▶ _Exercise_
The response should contain every entry, reproduced exactly.

Saved data entries
--- START ---

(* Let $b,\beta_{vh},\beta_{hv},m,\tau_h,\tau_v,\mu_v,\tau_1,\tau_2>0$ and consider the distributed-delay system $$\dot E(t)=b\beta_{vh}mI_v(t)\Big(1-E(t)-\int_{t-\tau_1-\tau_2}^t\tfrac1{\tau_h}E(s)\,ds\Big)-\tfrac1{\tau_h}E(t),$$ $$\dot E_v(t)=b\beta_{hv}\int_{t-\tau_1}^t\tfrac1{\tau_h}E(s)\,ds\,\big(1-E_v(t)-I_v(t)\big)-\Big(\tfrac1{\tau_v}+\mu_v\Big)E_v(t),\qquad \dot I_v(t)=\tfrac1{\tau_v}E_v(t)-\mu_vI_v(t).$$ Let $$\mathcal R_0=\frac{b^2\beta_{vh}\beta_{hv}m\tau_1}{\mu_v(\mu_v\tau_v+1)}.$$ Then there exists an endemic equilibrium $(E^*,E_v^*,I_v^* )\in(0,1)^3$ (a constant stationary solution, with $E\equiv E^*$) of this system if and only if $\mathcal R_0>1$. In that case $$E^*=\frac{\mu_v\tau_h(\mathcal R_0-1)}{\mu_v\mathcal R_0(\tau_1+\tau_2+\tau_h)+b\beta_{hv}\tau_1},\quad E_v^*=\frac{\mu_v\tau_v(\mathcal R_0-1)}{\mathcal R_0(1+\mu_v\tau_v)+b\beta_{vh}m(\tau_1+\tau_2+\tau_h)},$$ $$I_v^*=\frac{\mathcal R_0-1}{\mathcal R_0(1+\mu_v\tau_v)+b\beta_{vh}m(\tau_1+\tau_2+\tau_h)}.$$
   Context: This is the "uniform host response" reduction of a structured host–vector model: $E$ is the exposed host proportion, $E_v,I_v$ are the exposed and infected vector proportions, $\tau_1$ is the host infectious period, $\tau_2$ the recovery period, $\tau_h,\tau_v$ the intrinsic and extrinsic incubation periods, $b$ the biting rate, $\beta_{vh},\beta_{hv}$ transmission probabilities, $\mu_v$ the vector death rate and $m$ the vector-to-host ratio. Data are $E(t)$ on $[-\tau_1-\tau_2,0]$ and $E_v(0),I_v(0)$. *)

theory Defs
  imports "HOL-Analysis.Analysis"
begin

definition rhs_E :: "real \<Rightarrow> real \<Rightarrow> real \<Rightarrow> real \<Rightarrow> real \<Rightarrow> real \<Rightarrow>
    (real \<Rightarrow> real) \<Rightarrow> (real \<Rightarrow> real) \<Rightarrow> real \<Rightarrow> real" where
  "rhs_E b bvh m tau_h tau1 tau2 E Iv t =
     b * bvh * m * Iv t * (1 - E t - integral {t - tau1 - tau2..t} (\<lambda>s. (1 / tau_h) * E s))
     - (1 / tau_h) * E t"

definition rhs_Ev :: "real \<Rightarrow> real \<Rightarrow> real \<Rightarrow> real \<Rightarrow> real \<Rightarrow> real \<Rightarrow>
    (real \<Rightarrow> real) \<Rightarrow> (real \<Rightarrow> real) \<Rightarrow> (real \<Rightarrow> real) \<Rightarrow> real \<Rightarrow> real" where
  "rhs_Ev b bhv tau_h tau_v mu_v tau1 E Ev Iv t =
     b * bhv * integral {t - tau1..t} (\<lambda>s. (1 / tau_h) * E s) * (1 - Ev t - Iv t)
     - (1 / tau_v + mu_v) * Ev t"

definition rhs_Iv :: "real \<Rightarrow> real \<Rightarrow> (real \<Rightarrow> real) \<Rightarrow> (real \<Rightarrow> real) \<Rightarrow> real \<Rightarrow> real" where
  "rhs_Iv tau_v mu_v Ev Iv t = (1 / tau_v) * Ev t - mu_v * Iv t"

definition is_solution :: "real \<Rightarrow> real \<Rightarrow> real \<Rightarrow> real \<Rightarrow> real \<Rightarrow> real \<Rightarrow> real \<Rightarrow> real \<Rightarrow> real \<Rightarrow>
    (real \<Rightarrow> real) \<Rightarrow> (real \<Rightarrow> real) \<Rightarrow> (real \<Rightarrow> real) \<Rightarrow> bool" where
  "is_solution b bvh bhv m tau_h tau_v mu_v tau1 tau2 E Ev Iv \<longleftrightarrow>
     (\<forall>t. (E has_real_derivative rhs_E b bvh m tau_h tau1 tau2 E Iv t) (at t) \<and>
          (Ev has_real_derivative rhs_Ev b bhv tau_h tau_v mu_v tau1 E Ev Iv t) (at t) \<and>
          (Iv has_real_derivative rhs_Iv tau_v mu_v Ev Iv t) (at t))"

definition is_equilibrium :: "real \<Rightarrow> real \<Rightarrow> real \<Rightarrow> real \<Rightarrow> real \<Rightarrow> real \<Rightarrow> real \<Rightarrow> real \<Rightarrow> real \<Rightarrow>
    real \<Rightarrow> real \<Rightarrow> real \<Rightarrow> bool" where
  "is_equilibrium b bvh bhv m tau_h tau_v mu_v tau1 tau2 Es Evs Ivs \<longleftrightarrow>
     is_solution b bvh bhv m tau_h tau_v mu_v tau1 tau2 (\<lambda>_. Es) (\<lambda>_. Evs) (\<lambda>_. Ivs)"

--- END ---

▶ _Task answer_
(* Let $b,\beta_{vh},\beta_{hv},m,\tau_h,\tau_v,\mu_v,\tau_1,\tau_2>0$ and consider the distributed-delay system $$\dot E(t)=b\beta_{vh}mI_v(t)\Big(1-E(t)-\int_{t-\tau_1-\tau_2}^t\tfrac1{\tau_h}E(s)\,ds\Big)-\tfrac1{\tau_h}E(t),$$ $$\dot E_v(t)=b\beta_{hv}\int_{t-\tau_1}^t\tfrac1{\tau_h}E(s)\,ds\,\big(1-E_v(t)-I_v(t)\big)-\Big(\tfrac1{\tau_v}+\mu_v\Big)E_v(t),\qquad \dot I_v(t)=\tfrac1{\tau_v}E_v(t)-\mu_vI_v(t).$$ Let $$\mathcal R_0=\frac{b^2\beta_{vh}\beta_{hv}m\tau_1}{\mu_v(\mu_v\tau_v+1)}.$$ Then there exists an endemic equilibrium $(E^*,E_v^*,I_v^* )\in(0,1)^3$ (a constant stationary solution, with $E\equiv E^*$) of this system if and only if $\mathcal R_0>1$. In that case $$E^*=\frac{\mu_v\tau_h(\mathcal R_0-1)}{\mu_v\mathcal R_0(\tau_1+\tau_2+\tau_h)+b\beta_{hv}\tau_1},\quad E_v^*=\frac{\mu_v\tau_v(\mathcal R_0-1)}{\mathcal R_0(1+\mu_v\tau_v)+b\beta_{vh}m(\tau_1+\tau_2+\tau_h)},$$ $$I_v^*=\frac{\mathcal R_0-1}{\mathcal R_0(1+\mu_v\tau_v)+b\beta_{vh}m(\tau_1+\tau_2+\tau_h)}.$$
   Context: This is the "uniform host response" reduction of a structured host–vector model: $E$ is the exposed host proportion, $E_v,I_v$ are the exposed and infected vector proportions, $\tau_1$ is the host infectious period, $\tau_2$ the recovery period, $\tau_h,\tau_v$ the intrinsic and extrinsic incubation periods, $b$ the biting rate, $\beta_{vh},\beta_{hv}$ transmission probabilities, $\mu_v$ the vector death rate and $m$ the vector-to-host ratio. Data are $E(t)$ on $[-\tau_1-\tau_2,0]$ and $E_v(0),I_v(0)$. *)

theory Defs
  imports "HOL-Analysis.Analysis"
begin

definition rhs_E :: "real \<Rightarrow> real \<Rightarrow> real \<Rightarrow> real \<Rightarrow> real \<Rightarrow> real \<Rightarrow>
    (real \<Rightarrow> real) \<Rightarrow> (real \<Rightarrow> real) \<Rightarrow> real \<Rightarrow> real" where
  "rhs_E b bvh m tau_h tau1 tau2 E Iv t =
     b * bvh * m * Iv t * (1 - E t - integral {t - tau1 - tau2..t} (\<lambda>s. (1 / tau_h) * E s))
     - (1 / tau_h) * E t"

definition rhs_Ev :: "real \<Rightarrow> real \<Rightarrow> real \<Rightarrow> real \<Rightarrow> real \<Rightarrow> real \<Rightarrow>
    (real \<Rightarrow> real) \<Rightarrow> (real \<Rightarrow> real) \<Rightarrow> (real \<Rightarrow> real) \<Rightarrow> real \<Rightarrow> real" where
  "rhs_Ev b bhv tau_h tau_v mu_v tau1 E Ev Iv t =
     b * bhv * integral {t - tau1..t} (\<lambda>s. (1 / tau_h) * E s) * (1 - Ev t - Iv t)
     - (1 / tau_v + mu_v) * Ev t"

definition rhs_Iv :: "real \<Rightarrow> real \<Rightarrow> (real \<Rightarrow> real) \<Rightarrow> (real \<Rightarrow> real) \<Rightarrow> real \<Rightarrow> real" where
  "rhs_Iv tau_v mu_v Ev Iv t = (1 / tau_v) * Ev t - mu_v * Iv t"

definition is_solution :: "real \<Rightarrow> real \<Rightarrow> real \<Rightarrow> real \<Rightarrow> real \<Rightarrow> real \<Rightarrow> real \<Rightarrow> real \<Rightarrow> real \<Rightarrow>
    (real \<Rightarrow> real) \<Rightarrow> (real \<Rightarrow> real) \<Rightarrow> (real \<Rightarrow> real) \<Rightarrow> bool" where
  "is_solution b bvh bhv m tau_h tau_v mu_v tau1 tau2 E Ev Iv \<longleftrightarrow>
     (\<forall>t. (E has_real_derivative rhs_E b bvh m tau_h tau1 tau2 E Iv t) (at t) \<and>
          (Ev has_real_derivative rhs_Ev b bhv tau_h tau_v mu_v tau1 E Ev Iv t) (at t) \<and>
          (Iv has_real_derivative rhs_Iv tau_v mu_v Ev Iv t) (at t))"

definition is_equilibrium :: "real \<Rightarrow> real \<Rightarrow> real \<Rightarrow> real \<Rightarrow> real \<Rightarrow> real \<Rightarrow> real \<Rightarrow> real \<Rightarrow> real \<Rightarrow>
    real \<Rightarrow> real \<Rightarrow> real \<Rightarrow> bool" where
  "is_equilibrium b bvh bhv m tau_h tau_v mu_v tau1 tau2 Es Evs Ivs \<longleftrightarrow>
     is_solution b bvh bhv m tau_h tau_v mu_v tau1 tau2 (\<lambda>_. Es) (\<lambda>_. Evs) (\<lambda>_. Ivs)"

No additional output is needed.